lemma quadratic_form_le_max_on_sphere:
  fixes A :: "real^'n^'n"
  shows "\<exists>v. norm v = 1 \<and> (\<forall>w. w \<bullet> (A *v w) \<le> (v \<bullet> (A *v v)) * (norm w)\<^sup>2)"
proof -
  have "continuous_on (sphere 0 1) (\<lambda>u::real^'n. u \<bullet> (A *v u))"
    by (intro continuous_intros linear_continuous_on matrix_vector_mul_bounded_linear)
  moreover have "sphere (0::real^'n) 1 \<noteq> {}"
    by simp
  ultimately obtain v where "v \<in> sphere 0 1" "\<forall>u\<in>sphere 0 1. u \<bullet> (A *v u) \<le> v \<bullet> (A *v v)"
    using continuous_attains_sup[OF compact_sphere] by blast
  then have v: "norm v = 1" and max: "\<And>u. norm u = 1 \<Longrightarrow> u \<bullet> (A *v u) \<le> v \<bullet> (A *v v)"
    by simp_all
  have "w \<bullet> (A *v w) \<le> (v \<bullet> (A *v v)) * (norm w)\<^sup>2" for w
  proof (cases "w = 0")
    case False
    let ?u = "inverse (norm w) *\<^sub>R w"
    have "w \<bullet> (A *v w) = (norm w)\<^sup>2 * ((inverse (norm w))\<^sup>2 * (w \<bullet> (A *v w)))"
      using False by (simp add: field_simps)
    also have "\<dots> = (norm w)\<^sup>2 * (?u \<bullet> (A *v ?u))"
      by (simp only: quadratic_form_scaleR)
    also have "\<dots> \<le> (norm w)\<^sup>2 * (v \<bullet> (A *v v))"
      using False by (intro mult_left_mono max) simp_all
    finally show ?thesis by (simp add: mult.commute)
  qed simp
  with v show ?thesis by blast
qed
section \<open>Annihilating polynomials\<close>

lemma span_matrix_powers:
  assumes "X \<in> span ((\<lambda>i. poly_matrix (monom 1 i) A) ` {..<j})"
  shows "\<exists>p. (\<forall>i\<ge>j. coeff p i = 0) \<and> poly_matrix p A = X"
  using assms
proof (induction j arbitrary: X)
  case (Suc j)
  obtain k where "X - k *\<^sub>R poly_matrix (monom 1 j) A
      \<in> span ((\<lambda>i. poly_matrix (monom 1 i) A) ` {..<j})"
    using Suc.prems by (auto simp: lessThan_Suc span_insert)
  then obtain p where p: "\<forall>i\<ge>j. coeff p i = 0"
    and "poly_matrix p A = X - k *\<^sub>R poly_matrix (monom 1 j) A"
    using Suc.IH by blast
  then have "poly_matrix (p + smult k (monom 1 j)) A = X"
    by simp
  moreover have "\<forall>i\<ge>Suc j. coeff (p + smult k (monom 1 j)) i = 0"
    using p by (simp add: coeff_monom)
  ultimately show ?case
    by blast
qed (auto intro: exI[of _ 0])

lemma poly_matrix_annihilator: "\<exists>q. q \<noteq> 0 \<and> poly_matrix q (A::real^'n^'n) = 0"
proof -
  let ?pow = "\<lambda>i. poly_matrix (monom 1 i) A"
  have "\<exists>j. ?pow j \<in> span (?pow ` {..<j})"
  proof (rule ccontr)
    assume "\<nexists>j. ?pow j \<in> span (?pow ` {..<j})"
    then have independent: "?pow j \<notin> span (?pow ` {..<j})" for j
      by blast
    have "dim (?pow ` {..<j}) = j" for j
    proof (induction j)
      case (Suc j)
      then show ?case
        using independent[of j] by (simp add: lessThan_Suc dim_insert)
    qed simp
    moreover have "dim (?pow ` {..<Suc DIM(real^'n^'n)}) \<le> DIM(real^'n^'n)"
      by (rule dim_subset_UNIV)
    ultimately show False
      by simp
  qed
  then obtain j p where p: "\<forall>i\<ge>j. coeff p i = 0" and "poly_matrix p A = ?pow j"
    using span_matrix_powers by blast
  then have "poly_matrix (monom 1 j - p) A = 0"
    by simp
  moreover have "coeff (monom 1 j - p) j = 1"
    using p by simp
  ultimately show ?thesis
    by (metis one_neq_zero coeff_0)
qed

lemma poly_matrix_annihilator_positive_roots:
  fixes A :: "real^'n^'n"
  assumes "\<And>z. z \<le> 0 \<Longrightarrow> invertible (A - z *\<^sub>R mat 1)"
  shows "\<exists>q. q \<noteq> 0 \<and> poly_matrix q A = 0 \<and> (\<forall>z. poly q z = 0 \<longrightarrow> z > 0)"
proof -
  have "\<exists>q. q \<noteq> 0 \<and> poly_matrix q A = 0 \<and> (\<forall>z. poly q z = 0 \<longrightarrow> z > 0)"
    if "q \<noteq> 0" "poly_matrix q A = 0" for q
    using that
  proof (induction "degree q" arbitrary: q rule: less_induct)
    case less
    show ?case
    proof (cases "\<forall>z. poly q z = 0 \<longrightarrow> z > 0")
      case False
      then obtain z where "poly q z = 0" "z \<le> 0"
        by force
      then obtain r where r: "q = [:-z, 1:] * r"
        using poly_eq_0_iff_dvd by blast
      with less.prems have "r \<noteq> 0"
        by auto
      then have "degree q = Suc (degree r)"
        unfolding r by (subst degree_mult_eq) auto
      have "(A - z *\<^sub>R mat 1) ** poly_matrix r A = 0"
        using less.prems(2) unfolding r poly_matrix_mult poly_matrix_linear_factor .
      then have "poly_matrix r A = 0"
        using matrix_inv_left[OF assms[OF \<open>z \<le> 0\<close>]] by (metis matrix_mul_assoc matrix_mul_lid times0_right)
      then show ?thesis
        using less.hyps[of r] \<open>r \<noteq> 0\<close> \<open>degree q = Suc (degree r)\<close> by simp
    qed (use less.prems in blast)
  qed
  then show ?thesis
    using poly_matrix_annihilator[of A] by blast
qed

■ PROBLEM: With the line holding "proof (rule ccontr)" as the first and the line holding "1) ** poly_matrix" as the last, please transcribe exactly the lines of the material above in that range and nothing else.

■ ANSWER BELOW:
  proof (rule ccontr)
    assume "\<nexists>j. ?pow j \<in> span (?pow ` {..<j})"
    then have independent: "?pow j \<notin> span (?pow ` {..<j})" for j
      by blast
    have "dim (?pow ` {..<j}) = j" for j
    proof (induction j)
      case (Suc j)
      then show ?case
        using independent[of j] by (simp add: lessThan_Suc dim_insert)
    qed simp
    moreover have "dim (?pow ` {..<Suc DIM(real^'n^'n)}) \<le> DIM(real^'n^'n)"
      by (rule dim_subset_UNIV)
    ultimately show False
      by simp
  qed
  then obtain j p where p: "\<forall>i\<ge>j. coeff p i = 0" and "poly_matrix p A = ?pow j"
    using span_matrix_powers by blast
  then have "poly_matrix (monom 1 j - p) A = 0"
    by simp
  moreover have "coeff (monom 1 j - p) j = 1"
    using p by simp
  ultimately show ?thesis
    by (metis one_neq_zero coeff_0)
qed

lemma poly_matrix_annihilator_positive_roots:
  fixes A :: "real^'n^'n"
  assumes "\<And>z. z \<le> 0 \<Longrightarrow> invertible (A - z *\<^sub>R mat 1)"
  shows "\<exists>q. q \<noteq> 0 \<and> poly_matrix q A = 0 \<and> (\<forall>z. poly q z = 0 \<longrightarrow> z > 0)"
proof -
  have "\<exists>q. q \<noteq> 0 \<and> poly_matrix q A = 0 \<and> (\<forall>z. poly q z = 0 \<longrightarrow> z > 0)"
    if "q \<noteq> 0" "poly_matrix q A = 0" for q
    using that
  proof (induction "degree q" arbitrary: q rule: less_induct)
    case less
    show ?case
    proof (cases "\<forall>z. poly q z = 0 \<longrightarrow> z > 0")
      case False
      then obtain z where "poly q z = 0" "z \<le> 0"
        by force
      then obtain r where r: "q = [:-z, 1:] * r"
        using poly_eq_0_iff_dvd by blast
      with less.prems have "r \<noteq> 0"
        by auto
      then have "degree q = Suc (degree r)"
        unfolding r by (subst degree_mult_eq) auto
      have "(A - z *\<^sub>R mat 1) ** poly_matrix r A = 0"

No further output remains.